● Exercise: An exact copy is needed of each line from the one including "by (intro cSUP_subset_mono" through the last line of the entries, both ends counted, with nothing added.

● Supplied data:
theorem sublinear_dominates_linear:
  fixes p :: "'a::real_vector \<Rightarrow> real"
  assumes p: "sublinear p"
  shows "\<exists>f. linear f \<and> (\<forall>x. f x \<le> p x)"
proof -
  obtain M where M: "dominated_graph p M"
    and max: "\<And>G. dominated_graph p G \<Longrightarrow> M \<subseteq> G \<Longrightarrow> G = M"
    using Zorn_Lemma[of "{G. dominated_graph p G}"] dominated_graph_Union_chain by blast
  have "dominated_graph p {(0, 0)}"
    unfolding dominated_graph_def using sublinear_zero[OF p] by simp
  then have "M \<noteq> {}" using max by blast
  then obtain x a where "(x, a) \<in> M" by auto
  from dominated_graph_scaleR[OF M this, of 0] have M0: "(0, 0) \<in> M" by simp
  have total: "\<exists>a. (y, a) \<in> M" for y
  proof (rule ccontr)
    assume "\<nexists>a. (y, a) \<in> M"
    moreover obtain c where "\<And>x a. (x, a) \<in> M \<Longrightarrow> a - p (x - y) \<le> c \<and> c \<le> p (x + y) - a"
      using dominated_graph_extension_value[OF p M M0] by blast
    ultimately have "dominated_graph p {(x + t *\<^sub>R y, a + t * c) | x a t. (x, a) \<in> M}"
      (is "dominated_graph p ?M'") using dominated_graph_extend[OF p M] by blast
    moreover have "M \<subseteq> ?M'"
    proof (rule subrelI)
      fix x a assume "(x, a) \<in> M"
      moreover have "(x, a) = (x + 0 *\<^sub>R y, a + 0 * c)" by simp
      ultimately show "(x, a) \<in> ?M'" by blast
    qed
    moreover have "(y, c) \<in> ?M'"
    proof -
      have "(y, c) = (0 + 1 *\<^sub>R y, 0 + 1 * c)" by simp
      then show ?thesis using M0 by blast
    qed
    ultimately show False using max \<open>\<nexists>a. (y, a) \<in> M\<close> by blast
  qed
  define f where "f y = (THE a. (y, a) \<in> M)" for y
  have fM: "(y, f y) \<in> M" for y
  proof -
    obtain a where "(y, a) \<in> M" using total by blast
    moreover from this have "f y = a"
      unfolding f_def using dominated_graph_unique[OF M] by blast
    ultimately show ?thesis by simp
  qed
  have "linear f"
  proof
    show "f (x + y) = f x + f y" for x y
      using dominated_graph_unique[OF M fM dominated_graph_add[OF M fM fM]] .
    show "f (r *\<^sub>R x) = r *\<^sub>R f x" for r x
      using dominated_graph_unique[OF M fM dominated_graph_scaleR[OF M fM]] by simp
  qed
  moreover have "f x \<le> p x" for x using dominated_graph_le[OF M fM] .
  ultimately show ?thesis by blast
qed


text \<open>A sublinear functional bounded by the norm and by \<open>-d\<close> on the directions \<open>K - x\<close>, so that
  any linear functional below it separates \<open>x\<close> from \<open>K\<close> by \<open>d\<close>.\<close>
definition separation_gauge :: "'a::real_normed_vector set \<Rightarrow> 'a \<Rightarrow> real \<Rightarrow> 'a \<Rightarrow> real" where
  "separation_gauge K x d y = Inf {norm (y - l *\<^sub>R (k - x)) - l * d | l k. 0 \<le> l \<and> k \<in> K}"

context
  fixes K :: "'a::real_normed_vector set" and x :: 'a and d :: real
  assumes far: "\<forall>k\<in>K. d \<le> norm (k - x)"
begin

lemma separation_gauge_le:
  assumes "0 \<le> l" "k \<in> K"
  shows "separation_gauge K x d y \<le> norm (y - l *\<^sub>R (k - x)) - l * d"
  unfolding separation_gauge_def
proof (rule cInf_lower)
  show "norm (y - l *\<^sub>R (k - x)) - l * d \<in> {norm (y - l *\<^sub>R (k - x)) - l * d | l k. 0 \<le> l \<and> k \<in> K}"
    using assms by blast
  have "- norm y \<le> norm (y - l *\<^sub>R (k - x)) - l * d" if "0 \<le> l" "k \<in> K" for l k
  proof -
    have "l * d \<le> norm (l *\<^sub>R (k - x))" using far that by (simp add: mult_left_mono)
    also have "\<dots> \<le> norm (y - l *\<^sub>R (k - x)) + norm y"
      using norm_triangle_ineq4[of y "y - l *\<^sub>R (k - x)"] by simp
    finally show ?thesis by simp
  qed
  then show "bdd_below {norm (y - l *\<^sub>R (k - x)) - l * d | l k. 0 \<le> l \<and> k \<in> K}"
    by (intro bdd_belowI[of _ "- norm y"]) blast
qed

lemma separation_gauge_greatest:
  assumes "K \<noteq> {}" "\<And>l k. 0 \<le> l \<Longrightarrow> k \<in> K \<Longrightarrow> c \<le> norm (y - l *\<^sub>R (k - x)) - l * d"
  shows "c \<le> separation_gauge K x d y"
  unfolding separation_gauge_def
proof (rule cInf_greatest)
  obtain k where "k \<in> K" using assms(1) by blast
  then show "{norm (y - l *\<^sub>R (k - x)) - l * d | l k. 0 \<le> l \<and> k \<in> K} \<noteq> {}" by force
qed (use assms(2) in blast)

lemma separation_gauge_le_norm: "K \<noteq> {} \<Longrightarrow> separation_gauge K x d y \<le> norm y"
  using separation_gauge_le[of 0] by fastforce

lemma separation_gauge_direction: "k \<in> K \<Longrightarrow> separation_gauge K x d (k - x) \<le> - d"
  using separation_gauge_le[of 1 k "k - x"] by simp

lemma separation_gauge_add:
  assumes "convex K" "K \<noteq> {}"
  shows "separation_gauge K x d (y1 + y2) \<le> separation_gauge K x d y1 + separation_gauge K x d y2"
proof -
  let ?g = "separation_gauge K x d"
  have "?g (y1 + y2) \<le> (norm (y1 - l1 *\<^sub>R (k1 - x)) - l1 * d) + (norm (y2 - l2 *\<^sub>R (k2 - x)) - l2 * d)"
    if "0 \<le> l1" "k1 \<in> K" "0 \<le> l2" "k2 \<in> K" for l1 k1 l2 k2
  proof (cases "l1 + l2 = 0")
    case True
    then have "l1 = 0" "l2 = 0" using that by auto
    then show ?thesis
      using separation_gauge_le_norm[OF assms(2), of "y1 + y2"] norm_triangle_ineq[of y1 y2] by simp
  next
    case False
    define l where "l = l1 + l2"
    then have "0 < l" using False that by simp
    define k where "k = (l1 / l) *\<^sub>R k1 + (l2 / l) *\<^sub>R k2"
    have "k \<in> K"
      unfolding k_def using \<open>0 < l\<close> that by (intro convexD[OF assms(1)]) (auto simp: l_def add_divide_distrib[symmetric])
    have "l *\<^sub>R k = l1 *\<^sub>R k1 + l2 *\<^sub>R k2"
      using \<open>0 < l\<close> by (simp add: k_def scaleR_add_right)
    then have "l *\<^sub>R (k - x) = l1 *\<^sub>R (k1 - x) + l2 *\<^sub>R (k2 - x)"
      by (simp add: l_def algebra_simps)
    then have "y1 + y2 - l *\<^sub>R (k - x) = (y1 - l1 *\<^sub>R (k1 - x)) + (y2 - l2 *\<^sub>R (k2 - x))"
      by (simp add: algebra_simps)
    moreover have "?g (y1 + y2) \<le> norm (y1 + y2 - l *\<^sub>R (k - x)) - l * d"
      using separation_gauge_le \<open>0 < l\<close> \<open>k \<in> K\<close> by simp
    ultimately have "?g (y1 + y2) \<le> norm ((y1 - l1 *\<^sub>R (k1 - x)) + (y2 - l2 *\<^sub>R (k2 - x))) - l * d"
      by metis
    then show ?thesis
      using norm_triangle_ineq[of "y1 - l1 *\<^sub>R (k1 - x)" "y2 - l2 *\<^sub>R (k2 - x)"]
      by (simp add: l_def algebra_simps)
  qed
  note sum_le = this
  have partial_le: "?g (y1 + y2) - (norm (y2 - l2 *\<^sub>R (k2 - x)) - l2 * d) \<le> ?g y1"
    if l2: "0 \<le> l2" "k2 \<in> K" for l2 k2
  proof (rule separation_gauge_greatest[OF assms(2)])
    fix l1 :: real and k1 assume l1: "0 \<le> l1" "k1 \<in> K"
    from sum_le[OF l1 l2]
    show "?g (y1 + y2) - (norm (y2 - l2 *\<^sub>R (k2 - x)) - l2 * d) \<le> norm (y1 - l1 *\<^sub>R (k1 - x)) - l1 * d"
      by linarith
  qed
  have "?g (y1 + y2) - ?g y1 \<le> ?g y2"
  proof (rule separation_gauge_greatest[OF assms(2)])
    fix l2 :: real and k2 assume "0 \<le> l2" "k2 \<in> K"
    from partial_le[OF this]
    show "?g (y1 + y2) - ?g y1 \<le> norm (y2 - l2 *\<^sub>R (k2 - x)) - l2 * d" by linarith
  qed
  then show ?thesis by simp
qed

lemma separation_gauge_scaleR_le:
  assumes "K \<noteq> {}" "0 < c"
  shows "separation_gauge K x d (c *\<^sub>R y) \<le> c * separation_gauge K x d y"
proof -
  have "separation_gauge K x d (c *\<^sub>R y) \<le> c * (norm (y - l *\<^sub>R (k - x)) - l * d)"
    if "0 \<le> l" "k \<in> K" for l k
  proof -
    have "c *\<^sub>R y - (c * l) *\<^sub>R (k - x) = c *\<^sub>R (y - l *\<^sub>R (k - x))"
      by (simp add: algebra_simps)
    then have "norm (c *\<^sub>R y - (c * l) *\<^sub>R (k - x)) = c * norm (y - l *\<^sub>R (k - x))"
      using assms(2) by simp
    then show ?thesis
      using separation_gauge_le[of "c * l" k "c *\<^sub>R y"] that assms(2)
      by (simp add: right_diff_distrib)
  qed
  then have "separation_gauge K x d (c *\<^sub>R y) / c \<le> separation_gauge K x d y"
    using assms by (intro separation_gauge_greatest) (simp_all add: divide_le_eq mult.commute)
  then show ?thesis using assms(2) by (simp add: divide_le_eq mult.commute)
qed

lemma sublinear_separation_gauge:
  assumes "convex K" "K \<noteq> {}"
  shows "sublinear (separation_gauge K x d)"
  unfolding sublinear_def
proof (intro conjI allI impI separation_gauge_add[OF assms])
  fix c :: real and y assume "0 < c"
  have "separation_gauge K x d y \<le> (1 / c) * separation_gauge K x d (c *\<^sub>R y)"
    using separation_gauge_scaleR_le[OF assms(2), of "1 / c" "c *\<^sub>R y"] \<open>0 < c\<close> by simp
  then show "separation_gauge K x d (c *\<^sub>R y) = c * separation_gauge K x d y"
    using separation_gauge_scaleR_le[OF assms(2) \<open>0 < c\<close>, of y] \<open>0 < c\<close>
    by (simp add: field_simps)
qed

end

lemma separating_functional:
  fixes K :: "'a::real_normed_vector set"
  assumes "convex K" and far: "\<forall>k\<in>K. d \<le> norm (k - x)"
  shows "\<exists>h::'a \<Rightarrow>\<^sub>L real. norm h \<le> 1 \<and> (\<forall>k\<in>K. blinfun_apply h k \<le> blinfun_apply h x - d)"
proof (cases "K = {}")
  case True
  then show ?thesis by (intro exI[of _ 0]) auto
next
  case False
  obtain f where "linear f" and f: "\<And>y. f y \<le> separation_gauge K x d y"
    using sublinear_dominates_linear[OF sublinear_separation_gauge[OF far assms(1) False]] by blast
  have f_norm: "\<bar>f y\<bar> \<le> norm y" for y
  proof -
    have "f y \<le> norm y" "f (- y) \<le> norm (- y)"
      using f separation_gauge_le_norm[OF far False] order_trans by blast+
    then show ?thesis using linear_neg[OF \<open>linear f\<close>, of y] by simp
  qed
  have "bounded_linear f"
    using \<open>linear f\<close> f_norm by (intro bounded_linear_intro[of f 1]) (auto simp: linear_add linear_scale)
  then have h: "blinfun_apply (Blinfun f) = f" by (rule bounded_linear_Blinfun_apply)
  have "norm (Blinfun f) \<le> 1" by (rule norm_blinfun_bound) (use f_norm h in auto)
  moreover have "f k \<le> f x - d" if "k \<in> K" for k
    using f[of "k - x"] separation_gauge_direction[OF far that] linear_diff[OF \<open>linear f\<close>] by fastforce
  ultimately show ?thesis using h by metis
qed

section \<open>Slices of closed convex hulls\<close>

lemma closure_convex_hull_subset_halfspace:
  fixes h :: "'a::real_normed_vector \<Rightarrow>\<^sub>L real"
  assumes "\<forall>s\<in>S. blinfun_apply h s \<le> t"
  shows "closure (convex hull S) \<subseteq> {y. blinfun_apply h y \<le> t}"
proof (rule closure_minimal)
  have "convex (blinfun_apply h -` {..t})"
    by (rule convex_linear_vimage) (simp_all add: bounded_linear.linear[OF blinfun.bounded_linear_right])
  then show "convex hull S \<subseteq> {y. blinfun_apply h y \<le> t}"
    using assms by (intro hull_minimal) (auto simp: vimage_def)
  show "closed {y. blinfun_apply h y \<le> t}"
    by (intro closed_Collect_le continuous_intros)
qed

lemma bdd_above_blinfun_image:
  fixes h :: "'a::real_normed_vector \<Rightarrow>\<^sub>L real"
  shows "bounded C \<Longrightarrow> bdd_above (blinfun_apply h ` C)"
  by (intro bounded_imp_bdd_above bounded_linear_image blinfun.bounded_linear_right)

lemma SUP_closure_convex_hull:
  fixes h :: "'a::real_normed_vector \<Rightarrow>\<^sub>L real"
  assumes "bounded A" "A \<noteq> {}"
  shows "(SUP x\<in>closure (convex hull A). blinfun_apply h x) = (SUP x\<in>A. blinfun_apply h x)"
proof (rule antisym)
  have "\<forall>s\<in>A. blinfun_apply h s \<le> (SUP x\<in>A. blinfun_apply h x)"
    using bdd_above_blinfun_image[OF assms(1)] by (auto intro: cSUP_upper)
  from closure_convex_hull_subset_halfspace[OF this]
  show "(SUP x\<in>closure (convex hull A). blinfun_apply h x) \<le> (SUP x\<in>A. blinfun_apply h x)"
    using assms(2) by (intro cSUP_least) auto
  show "(SUP x\<in>A. blinfun_apply h x) \<le> (SUP x\<in>closure (convex hull A). blinfun_apply h x)"
    using assms hull_subset[of A convex] closure_subset[of "convex hull A"]
    by (intro cSUP_subset_mono bdd_above_blinfun_image bounded_closure bounded_convex_hull) auto
qed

● Solution to this problem:
    by (intro cSUP_subset_mono bdd_above_blinfun_image bounded_closure bounded_convex_hull) auto
qed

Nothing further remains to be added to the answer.